Writing is an excellent tool to that end, and a way to really get to know one’s self, what one’s core values are, what are the best uses of one’s time and energy. It’s reflection and action all at once. I often feel that I really don’t know myself that well in many ways, and suspect that, through writing, I’ll be able to discover more. I think it’s often hard to understand oneself, to know certain things about one’s own personality and motivations, because it’s so hard to judge one’s own actions objectively, to see patterns in behavior, to get the ‘big picture’ view. One’s just just too close of an observer, too immersed in the instincts and emotions of the moment, to really ‘get’ why one’s doing, or thinking, or saying, whatever it is, at the time. I think writing is a process very like the ‘stepping back’ I do when creating an artwork or a piece of craft: I take a moment, or a few, to take some steps back from the work, to look at the overall effect, and to see how everything is hanging together, what needs to be changed, and what is working well.

When I write down what I’m thinking, I can get that big-picture view in a way that I rarely can otherwise, except perhaps in depthy conversation. Yet, writing is very like good, depthy conversation, because you’re calling on yourself to explain and describe something to an audience, and you’re conscious of other minds and how they may be perceiving what you have to say. And, you’re calling to mind the things other people have written or said concerning whatever it is you’re writing about. So writing also helps me to figure out what I really think and believe about things out there in the world.

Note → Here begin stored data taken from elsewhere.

lemma rounded_width_classes_exist:
  fixes W :: int
  assumes m: "1 \<le> m" and W: "0 \<le> W" and wd: "\<forall>i\<in>I. 0 < wd i \<and> int (wd i) \<le> W"
  shows "\<exists>a f. (\<forall>i\<in>I. a i \<in> {1..m} \<and> int (wd i) \<le> f (a i) \<and>
      real_of_int (f (a i)) - real (wd i) \<le> real_of_int W / real m) \<and>
    (\<forall>j\<in>{1..m}. 0 \<le> f j \<and> f j \<le> W)"
proof -
  define a where "a i = nat \<lceil>real (wd i) * real m / real_of_int W\<rceil>" for i
  define f where "f j = \<lfloor>real j * real_of_int W / real m\<rfloor>" for j
  have "f j \<le> W" if "j \<le> m" for j
  proof -
    have "real j * real_of_int W \<le> real m * real_of_int W"
      using that W by (intro mult_right_mono) simp_all
    then show ?thesis using m unfolding f_def by (simp add: floor_le_iff field_simps)
  qed
  moreover have "0 \<le> f j" for j using W unfolding f_def by simp
  moreover have "a i \<in> {1..m} \<and> int (wd i) \<le> f (a i) \<and>
      real_of_int (f (a i)) - real (wd i) \<le> real_of_int W / real m" if "i \<in> I" for i
  proof -
    define x where "x = real (wd i) * real m / real_of_int W"
    have W_pos: "0 < real_of_int W" using wd that by force
    have x: "0 < x" "x \<le> real m"
      using wd that W_pos m unfolding x_def by (auto simp: field_simps)
    have "a i = nat \<lceil>x\<rceil>" unfolding a_def x_def ..
    then have a_i: "a i \<in> {1..m}" "real (a i) = real_of_int \<lceil>x\<rceil>"
      using x by (auto simp: le_nat_iff nat_le_iff ceiling_le_iff)
    have wd_x: "real (wd i) = x * real_of_int W / real m" using W_pos m unfolding x_def by simp
    have "real (wd i) \<le> real (a i) * real_of_int W / real m"
      unfolding wd_x a_i(2) using W_pos m by (intro divide_right_mono mult_right_mono) simp_all
    then have fits: "int (wd i) \<le> f (a i)" unfolding f_def by (simp add: le_floor_iff)
    have ceiling_x: "real_of_int \<lceil>x\<rceil> < x + 1" using ceiling_correct[of x] by linarith
    have "real_of_int (f (a i)) \<le> real (a i) * real_of_int W / real m"
      unfolding f_def by (rule of_int_floor_le)
    also have "\<dots> < (x + 1) * real_of_int W / real m"
      unfolding a_i(2) using W_pos m ceiling_x
      by (intro divide_strict_right_mono mult_strict_right_mono) simp_all
    also have "\<dots> = real (wd i) + real_of_int W / real m"
      unfolding wd_x by (simp add: distrib_right add_divide_distrib)
    finally have "real_of_int (f (a i)) < real (wd i) + real_of_int W / real m" .
    with fits a_i(1) show ?thesis by simp
  qed
  ultimately show ?thesis by (intro exI[of _ a] exI[of _ f]) auto
qed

That’s because, through writing, you can put together all those elements to craft a bigger picture, a more complete story, as opposed to just experiencing the daily stream of reactions to what’s going on out there. These reactions are important in themselves, the emotional responses, the internal arguments, the stockpiling of information about the world. But when you write, as when you converse, you’re putting it all together for yourself as well as for the person you’re talking to. What writing has over conversation is that you can go back and look over what you’re saying, and revise it, and perfect it much more thoroughly, and it’s not subject to lapses of memory. You become accountable to the ideas you expressed before, much like politicians are now accountable for those things they do and those words they spout off, since everything’s recorded these days. The more you write, and share what you write, you become more accountable to yourself, and to your readers. It places you firmly on a path of regular self-discipline, and self-improvement, as you strive to improve the quality and cohesiveness of your ideas. This ‘stepping-back’ process can do for your mind what it can do for the things you create: it shows you what’s missing, what you need to do in order to complete a more perfect, more beautiful, more unified whole.

So on this New Year’s morning, I affirm my resolution to be a better writer, and, through that, a better thinker and a better person. And I thank you, dear reader, for participating in this endeavor with me.